Today is April 12. On this date in:
1861
The Civil War began as Confederate forces opened fire on Fort Sumter in South Carolina.
1862
Union volunteers stole a Confederate locomotive near Marietta, Georgia, and headed toward Chattanooga, Tennessee, on a mission to sabotage as much of the rail line as they could; the raiders were caught.
1877
The catcher’s mask was first used in a baseball game by James Tyng of Harvard in a game against the Lynn Live Oaks.
1945
President Franklin D. Roosevelt died of a cerebral hemorrhage in Warm Springs, Georgia, at age 63; he was succeeded by Vice President Harry S. Truman.
1954
Bill Haley and His Comets recorded “Rock Around the Clock.”
1955
The Salk vaccine against polio was declared safe and effective.
1961
Soviet cosmonaut Yuri Gagarin became the first man to fly in space, orbiting the Earth once before making a safe landing.
1963
Civil rights leader the Rev.

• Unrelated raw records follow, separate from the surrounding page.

(* Let $k$ be a positive integer and $\underline{\zeta}\in\mathbb{R}^k$ arbitrary. Then \[ \widehat{\lambda}_{k,1}(\underline{\zeta})=\frac{1}{k}\quad\Longleftrightarrow\quad \lambda_{k,2}(\underline{\zeta})\geq\lambda_{k,3}(\underline{\zeta})\geq\cdots\geq\lambda_{k,k+1}(\underline{\zeta})=\frac{1}{k}. \]
   Context: For $\underline{\zeta}=(\zeta_1,\ldots,\zeta_k)\in\mathbb{R}^k$ and $1\leq j\leq k+1$, $\lambda_{k,j}(\underline{\zeta})$ (resp. $\widehat{\lambda}_{k,j}(\underline{\zeta})$) is the supremum of all $\eta\in\mathbb{R}$ such that the system $|x|\leq X$, $\max_{1\leq i\leq k}|\zeta_i x-y_i|\leq X^{-\eta}$ has at least $j$ linearly independent solutions $(x,y_1,\ldots,y_k)\in\mathbb{Z}^{k+1}$ for arbitrarily large real $X$ (resp. for all sufficiently large real $X$). *)

theory Defs
  imports "HOL-Analysis.Analysis"
begin

text \<open>Vectors in Z^(k+1) are represented as functions nat => int, where
  component 0 is x and component i (1 <= i <= k) is y_i.
  zeta :: nat => real uses components 1..k.\<close>

definition lin_indep_int :: "nat \<Rightarrow> nat \<Rightarrow> (nat \<Rightarrow> nat \<Rightarrow> int) \<Rightarrow> bool" where
  "lin_indep_int k j v \<longleftrightarrow>
     (\<forall>c :: nat \<Rightarrow> real.
        (\<forall>i\<le>k. (\<Sum>l<j. c l * of_int (v l i)) = 0) \<longrightarrow> (\<forall>l<j. c l = 0))"

definition has_indep_sols :: "nat \<Rightarrow> nat \<Rightarrow> (nat \<Rightarrow> real) \<Rightarrow> real \<Rightarrow> real \<Rightarrow> bool" where
  "has_indep_sols k j zeta eta X \<longleftrightarrow>
     (\<exists>v :: nat \<Rightarrow> nat \<Rightarrow> int. lin_indep_int k j v \<and>
        (\<forall>l<j. \<bar>real_of_int (v l 0)\<bar> \<le> X \<and>
               (\<forall>i\<in>{1..k}. \<bar>zeta i * of_int (v l 0) - of_int (v l i)\<bar> \<le> X powr (-eta))))"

Martin Luther King Jr. was arrested and jailed in Birmingham, Alabama, charged with contempt of court and parading without a permit.
1988
The U.S. Patent and Trademark Office issued a patent to Harvard University for a genetically engineered mouse, the first time a patent was granted for an animal life form.
1990
In its first meeting, East Germany’s first democratically elected parliament acknowledged responsibility for the Nazi Holocaust, and asked the forgiveness of Jews and others who had suffered.
2018
Police in Philadelphia arrested two black men at a Starbucks; they had been asked to leave after one was denied access to the restroom. (Starbucks apologized and, weeks later, closed thousands of stores for part of the day to conduct anti-bias training.)